Content starts
(* Let $\Omega\subset\mathbb{R}^N$ be a nonempty open bounded connected set, $X=\overline{\Omega}$, $Y\subset\mathbb{R}^N$, $\mu\in\mathcal{P}(X)$, $\nu\in\mathcal{P}(Y)$, $H,K:X\to(0,+\infty)$ in $L^1(X,\mu)$, $\mathcal{A}$ a family of balls covering $X$, and $u\in\mathrm{Refo}(\mu;\nu)^{H,K}$. If $u$ is differentiable at $x_0\in\Omega$, then $Ju(x_0)=\det\nabla u(x_0)\neq0$.
   Context: For $u:X\to Y$, $x_0\in X$: $e_u(x_0)=\limsup_{x\to x_0,\,x\ne x_0}\frac{|u(x)-u(x_0)|}{|x-x_0|}$, $c_u(x_0)=\limsup_{x\to x_0,\,x\ne x_0}\frac{|x-x_0|}{|u(x)-u(x_0)|}$ (quotient $+\infty$ if $u(x)=u(x_0)$). $\mathrm{Refo}(\mu;\nu)^{H,K}$ is the set of maps $u:X\to Y$ with $u_\#\mu=\nu$ (i.e. $\mu(u^{-1}(A))=\nu(A)$ for Borel $A$) such that for every $x\in X$ there is $B(x,r)\in\mathcal{A}$ with $c_u(y)\le H(x)$, $e_u(y)\le K(x)$ for all $y\in\overline{B}(x,r)\cap\Omega$. *)

theory Defs
  imports "HOL-Analysis.Analysis" "HOL-Probability.Probability"
begin

definition expan :: "'a::metric_space set \<Rightarrow> ('a \<Rightarrow> 'b::metric_space) \<Rightarrow> 'a \<Rightarrow> ereal" where
  "expan D u x0 = Limsup (at x0 within D) (\<lambda>x. ereal (dist (u x) (u x0) / dist x x0))"

definition contr :: "'a::metric_space set \<Rightarrow> ('a \<Rightarrow> 'b::metric_space) \<Rightarrow> 'a \<Rightarrow> ereal" where
  "contr D u x0 = Limsup (at x0 within D)
     (\<lambda>x. if u x = u x0 then \<infinity> else ereal (dist x x0 / dist (u x) (u x0)))"

definition Refo ::
  "'a::euclidean_space set \<Rightarrow> 'a measure \<Rightarrow> 'b::euclidean_space measure \<Rightarrow> ('a \<Rightarrow> real) \<Rightarrow> ('a \<Rightarrow> real)
   \<Rightarrow> 'a set set \<Rightarrow> ('a \<Rightarrow> 'b) set" where
  "Refo \<Omega> \<mu> \<nu> H K \<A> = {u. u \<in> measurable \<mu> \<nu> \<and> distr \<mu> \<nu> u = \<nu> \<and>
     (\<forall>x\<in>closure \<Omega>. \<exists>r>0. ball x r \<in> \<A> \<and>
        (\<forall>y\<in>cball x r \<inter> \<Omega>. contr (closure \<Omega>) u y \<le> ereal (H x) \<and>
                             expan (closure \<Omega>) u y \<le> ereal (K x)))}"

end

theory Submission
  imports Defs
begin

text \<open>A finite upper contraction at \<open>x0\<close> makes \<open>u\<close> locally co-Lipschitz there:
  \<open>|x - x0| \<le> M |u x - u x0|\<close> near \<open>x0\<close>. Dividing by \<open>t\<close> along a ray \<open>x0 + t h\<close> and letting
  \<open>t \<rightarrow> 0\<^sup>+\<close> gives \<open>|h| \<le> M |\<nabla>u(x0) h|\<close>, so the derivative is injective and its determinant
  is nonzero.\<close>

lemma eventually_dist_less_of_contr_less:
  assumes "contr D u x0 < ereal M"
  shows "\<forall>\<^sub>F x in at x0 within D. dist x x0 < M * dist (u x) (u x0)"
proof -
  have "\<forall>\<^sub>F x in at x0 within D.
      (if u x = u x0 then \<infinity> else ereal (dist x x0 / dist (u x) (u x0))) < ereal M"
    using assms unfolding contr_def by (rule Limsup_lessD)
  then show ?thesis
    by eventually_elim (auto split: if_splits simp: divide_less_eq)
qed

lemma filterlim_ray_at_right:
  fixes x h :: "'a::real_normed_vector"
  assumes "h \<noteq> 0"
  shows "filterlim (\<lambda>t. x + t *\<^sub>R h) (at x) (at_right 0)"
  unfolding filterlim_at
proof
  show "\<forall>\<^sub>F t in at_right 0. x + t *\<^sub>R h \<in> UNIV \<and> x + t *\<^sub>R h \<noteq> x"
    using assms by (simp add: eventually_at_filter)
  have "((\<lambda>t. x + t *\<^sub>R h) \<longlongrightarrow> x + 0 *\<^sub>R h) (at_right 0)"
    by (intro tendsto_intros)
  then show "((\<lambda>t. x + t *\<^sub>R h) \<longlongrightarrow> x) (at_right 0)"
    by simp
qed

lemma difference_quotient_tendsto_derivative:
  fixes u :: "'a::real_normed_vector \<Rightarrow> 'b::real_normed_vector"
  assumes "(u has_derivative L) (at x)" and "h \<noteq> 0"
  shows "((\<lambda>t. (u (x + t *\<^sub>R h) - u x) /\<^sub>R t) \<longlongrightarrow> L h) (at_right 0)"
proof -
  have lin: "linear L"
    using assms(1) has_derivative_linear by blast
  have "((\<lambda>y. (u y - u x - L (y - x)) /\<^sub>R norm (y - x)) \<longlongrightarrow> 0) (at x)"
    using assms(1) has_derivative_at_within by blast
  from filterlim_compose[OF this filterlim_ray_at_right[OF assms(2)]]
  have lim: "((\<lambda>t. norm h *\<^sub>R ((u (x + t *\<^sub>R h) - u x - L (t *\<^sub>R h)) /\<^sub>R norm (t *\<^sub>R h)))
      \<longlongrightarrow> norm h *\<^sub>R 0) (at_right 0)"
    by (intro tendsto_intros) simp
  have "\<forall>\<^sub>F t in at_right 0.
      norm h *\<^sub>R ((u (x + t *\<^sub>R h) - u x - L (t *\<^sub>R h)) /\<^sub>R norm (t *\<^sub>R h))
      = (u (x + t *\<^sub>R h) - u x) /\<^sub>R t - L h"
    using eventually_at_right_less[of 0]
    by eventually_elim (use assms(2) in \<open>auto simp: linear_scale[OF lin] algebra_simps\<close>)
  from Lim_transform_eventually[OF lim this]
  have "((\<lambda>t. (u (x + t *\<^sub>R h) - u x) /\<^sub>R t - L h) \<longlongrightarrow> 0) (at_right 0)"
    by simp
  then show ?thesis
    by (rule LIM_zero_cancel)
qed

lemma norm_le_derivative_of_eventually_dist_le:
  fixes u :: "'a::real_normed_vector \<Rightarrow> 'b::real_normed_vector"
  assumes "(u has_derivative L) (at x)"
    and "\<forall>\<^sub>F y in at x. dist y x \<le> M * dist (u y) (u x)"
  shows "norm h \<le> M * norm (L h)"
proof (cases "h = 0")
  case True
  then show ?thesis
    using linear_0[OF has_derivative_linear[OF assms(1)]] by simp
next
  case False
  have "\<forall>\<^sub>F t in at_right 0. dist (x + t *\<^sub>R h) x \<le> M * dist (u (x + t *\<^sub>R h)) (u x)"
    using assms(2) filterlim_ray_at_right[OF False] by (rule eventually_compose_filterlim)
  then have bound: "\<forall>\<^sub>F t in at_right 0. norm h \<le> M * norm ((u (x + t *\<^sub>R h) - u x) /\<^sub>R t)"
    using eventually_at_right_less[of 0]
  proof eventually_elim
    case (elim t)
    then have "t * norm h \<le> M * norm (u (x + t *\<^sub>R h) - u x)"
      by (simp add: dist_norm)
    then have "norm h \<le> M * norm (u (x + t *\<^sub>R h) - u x) / t"
      using elim(2) by (simp add: le_divide_eq mult.commute)
    also have "\<dots> = M * norm ((u (x + t *\<^sub>R h) - u x) /\<^sub>R t)"
      using elim(2) by (simp add: divide_inverse)
    finally show ?case .
  qed
  have lim: "((\<lambda>t. M * norm ((u (x + t *\<^sub>R h) - u x) /\<^sub>R t)) \<longlongrightarrow> M * norm (L h)) (at_right 0)"
    using difference_quotient_tendsto_derivative[OF assms(1) False] by (intro tendsto_intros)
  then show ?thesis
    using bound trivial_limit_at_right_real by (rule tendsto_lowerbound)
qed

lemma det_derivative_nonzero_of_eventually_dist_le:
  fixes u :: "real^'n \<Rightarrow> real^'n"
  assumes "(u has_derivative L) (at x)"
    and "\<forall>\<^sub>F y in at x. dist y x \<le> M * dist (u y) (u x)"
  shows "det (matrix L) \<noteq> 0"
proof -
  have lin: "linear L"
    using assms(1) by (rule has_derivative_linear)
  have "inj L"
    unfolding linear_injective_0[OF lin]
  proof (intro allI impI)
    fix h
    assume "L h = 0"
    then show "h = 0"
      using norm_le_derivative_of_eventually_dist_le[OF assms, of h] by simp
  qed
  then show ?thesis
    using det_nz_iff_inj[OF lin] by simp
qed

theorem lemma2p10:
  fixes \<Omega> Y :: "(real^'n) set"
    and \<mu> \<nu> :: "(real^'n) measure"
    and H K :: "real^'n \<Rightarrow> real"
    and \<A> :: "(real^'n) set set"
    and u :: "real^'n \<Rightarrow> real^'n"
    and x0 :: "real^'n"
  assumes "open \<Omega>" and "bounded \<Omega>" and "connected \<Omega>" and "\<Omega> \<noteq> {}"
    and "prob_space \<mu>" and "sets \<mu> = sets (restrict_space borel (closure \<Omega>))"
    and "prob_space \<nu>" and "sets \<nu> = sets (restrict_space borel Y)"
    and "\<forall>x\<in>closure \<Omega>. H x > 0" and "\<forall>x\<in>closure \<Omega>. K x > 0"
    and "integrable \<mu> H" and "integrable \<mu> K"
    and "\<forall>B\<in>\<A>. \<exists>c r. r > 0 \<and> B = ball c r"
    and "closure \<Omega> \<subseteq> \<Union>\<A>"
    and "u \<in> Refo \<Omega> \<mu> \<nu> H K \<A>"
    and "x0 \<in> \<Omega>" and "u differentiable (at x0)"
  shows "det (matrix (frechet_derivative u (at x0))) \<noteq> 0"
proof -
  have deriv: "(u has_derivative frechet_derivative u (at x0)) (at x0)"
    using assms(17) frechet_derivative_works by blast
  have "x0 \<in> closure \<Omega>"
    using assms(16) closure_subset by blast
  then obtain r where "r > 0"
    and "\<forall>y\<in>cball x0 r \<inter> \<Omega>. contr (closure \<Omega>) u y \<le> ereal (H x0)"
    using assms(15) unfolding Refo_def by blast
  then have "contr (closure \<Omega>) u x0 \<le> ereal (H x0)"
    using assms(16) by simp
  then have "contr (closure \<Omega>) u x0 < ereal (H x0 + 1)"
    by (rule order_le_less_trans) simp
  then have "\<forall>\<^sub>F x in at x0 within closure \<Omega>. dist x x0 < (H x0 + 1) * dist (u x) (u x0)"
    by (rule eventually_dist_less_of_contr_less)
  moreover have "at x0 within closure \<Omega> = at x0"
    using assms(1,16) interior_mono[OF closure_subset, of \<Omega>]
    by (intro at_within_interior) (auto simp: interior_open)
  ultimately have "\<forall>\<^sub>F x in at x0. dist x x0 \<le> (H x0 + 1) * dist (u x) (u x0)"
    by (auto elim: eventually_mono)
  with deriv show ?thesis
    by (rule det_derivative_nonzero_of_eventually_dist_le)
qed

end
Content ends
WORK ORDER: Go through the listing above and write out exactly the lines starting with the one holding "(restrict_space borel (closure" and running through the one holding "r > 0 \<and>", ends included, and no others.

EXERCISE RESULT:
    and "prob_space \<mu>" and "sets \<mu> = sets (restrict_space borel (closure \<Omega>))"
    and "prob_space \<nu>" and "sets \<nu> = sets (restrict_space borel Y)"
    and "\<forall>x\<in>closure \<Omega>. H x > 0" and "\<forall>x\<in>closure \<Omega>. K x > 0"
    and "integrable \<mu> H" and "integrable \<mu> K"
    and "\<forall>B\<in>\<A>. \<exists>c r. r > 0 \<and> B = ball c r"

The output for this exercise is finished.